SUPERVISOR: Helmut HABERSACK

PROJECT ASSIGNED TO: Markus EDER 

Floods are the most frequent type of disasters and affect the largest number of persons (around two billion people in recent decades 1997 to 2017) among all natural catastrophes. One of the reasons why the level of flood damage remains high can be attributed to population and economic growth in flood-prone areas, and generally a lack of attention to flood risk prevention, specifically flood-sensitive spatial planning. Historically, controlling rivers with structural defence measures, such as levees or embankments, was seen as the principal solution to protect vulnerable areas against flooding. However, severe floods have led to overtopping or failure of these structures and therefore showed that technical defences alone are themselves vulnerable, especially against catastrophic events and may result in higher damage in protected areas. In addition, a degradation of riparian and river ecosystems as well as a loss of areas for flood retention led to a significant increase in flood peaks and acceleration of flood waves. Non-structural measures such as the preservation and/or restoration of floodplains were identified as appropriate measures for a sustainable flood risk management at a river-basin scale. Floodplains generally decelerate and reduce the flood peak, and thus contribute towards mitigating the flood hazard potential. . Moreover, river floodplains fulfil important ecological and recreational functions. As highly endangered ecosystems – 90% of floodplains in Europe and North America are impaired by anthropogenic activities – conserving and restoring floodplains have become a priority in environmental and water policy.

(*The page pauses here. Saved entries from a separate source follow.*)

definition inst_snr :: "real \<Rightarrow> real \<Rightarrow> real \<Rightarrow> real \<Rightarrow> real \<Rightarrow> real \<Rightarrow> real \<Rightarrow> real" where
  "inst_snr mX mY OmX OmY \<alpha> gbar r =
     gbar * (C_alpha mX mY OmX OmY \<alpha> * mX * r\<^sup>2 / OmX) powr (2 / \<alpha>)"

definition Qfun :: "real \<Rightarrow> real" where
  "Qfun x = 1 / sqrt (2 * pi) * (LBINT t:{x..}. exp (- t\<^sup>2 / 2))"

text \<open>Average bit error rate; the expectation over the envelope is the integral
  against its density on (0,\<infinity>).\<close>
definition avg_ber :: "real \<Rightarrow> real \<Rightarrow> real \<Rightarrow> real \<Rightarrow> real \<Rightarrow> real \<Rightarrow> (nat \<Rightarrow> real)
    \<Rightarrow> nat \<Rightarrow> real \<Rightarrow> real" where
  "avg_ber mX mY OmX OmY \<alpha> \<delta>1 \<delta>2 \<delta>3 gbar =
     \<delta>1 * (\<Sum>j = 1..\<delta>3. LBINT r:{0<..}.
        bx_pdf mX mY OmX OmY r * Qfun (sqrt (2 * \<delta>2 j * inst_snr mX mY OmX OmY \<alpha> gbar r)))"

end

theory Submission
  imports Defs "HOL-Probability.Probability" "HOL-Real_Asymp.Real_Asymp"
begin

text \<open>The envelope density is comparable to \<open>r powr (2 * mX - 1)\<close> near \<open>0\<close> and bounded by a
  multiple of it everywhere, since the growth of the \<open>1F1\<close> factor is dominated by the Gaussian
  factor. The SNR equals a constant times \<open>gbar * r powr (4 / \<alpha>)\<close>, so it is of order one at the
  scale \<open>r0 = gbar powr (- \<alpha> / 4)\<close>. Below \<open>r0\<close> the error integral is comparable to
  \<open>r0 powr (2 * mX) = gbar powr (- \<alpha> / 2 * mX)\<close>; above \<open>r0\<close> a moment bound on the Q-function,
  which decays faster than any power, gives a contribution of the same order. Each term of the
  average BER, hence the BER itself, is thus squeezed between two multiples of
  \<open>gbar powr (- \<alpha> / 2 * mX)\<close>, and the ratio of logarithms tends to \<open>- \<alpha> / 2 * mX\<close>.\<close>

definition decays_as_powr :: "real \<Rightarrow> (real \<Rightarrow> real) \<Rightarrow> bool" where
  "decays_as_powr \<beta> f \<longleftrightarrow>
     (\<exists>c1>0. \<exists>c2>0. \<forall>\<^sub>F x in at_top. c1 * x powr (-\<beta>) \<le> f x \<and> f x \<le> c2 * x powr (-\<beta>))"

In this thesis, the opportunities and constraints of a sustainable flood risk and floodplain management are investigated with the goal to expand an existing methodology for the evaluation of floodplains (Floodplain Evaluation Matrix – FEM). The developed method is based on 2D hydrodynamic-numerical modelling and GIS-analyses. Giving stakeholders and decision makers the opportunity to assess and to compare expected future changes in flood hazard, flood exposure and flood damage due to land use changes (e.g. expansion of settlements) and climatic changes (e.g. increase of discharges) on the level of river stretches. Therefore, quantitative and qualitative research methods from the fields of hydrology, hydraulic engineering, spatial planning and political sciences are used to account for the interactions between these fields within flood risk management, in particular between the policy domains flood risk management and spatial planning. One output of this thesis will be a supportive method for a future-oriented flood risk and floodplain management at a river-basin scale.

In the second part of the thesis, the importance of floodplains along the Danube River for flood risk management, ecology and socio-economics are determined with the Floodplain Evaluation Matrix. For most rivers, there is generally a lack of knowledge about the multiple benefits of their floodplains in regard to flood risk reduction, ecology and socio-economic. Hydrological (e.g. peak reduction), hydraulic (e.g. water level change), ecological (e.g. protected species) and socio-economic (e.g. affected buildings) parameters are used for the determination of the importance of  floodplains along the Danube. The results are assembled in the Floodplain Evaluation Matrix. In addition, these parameters are also calculated and compared with the identified potential floodplains along the Danube.

The findings of this thesis will give stakeholders, decision makers and practitioners tools to foster sustainable floodplain and flood risk management and show them the importance of the remaining floodplains.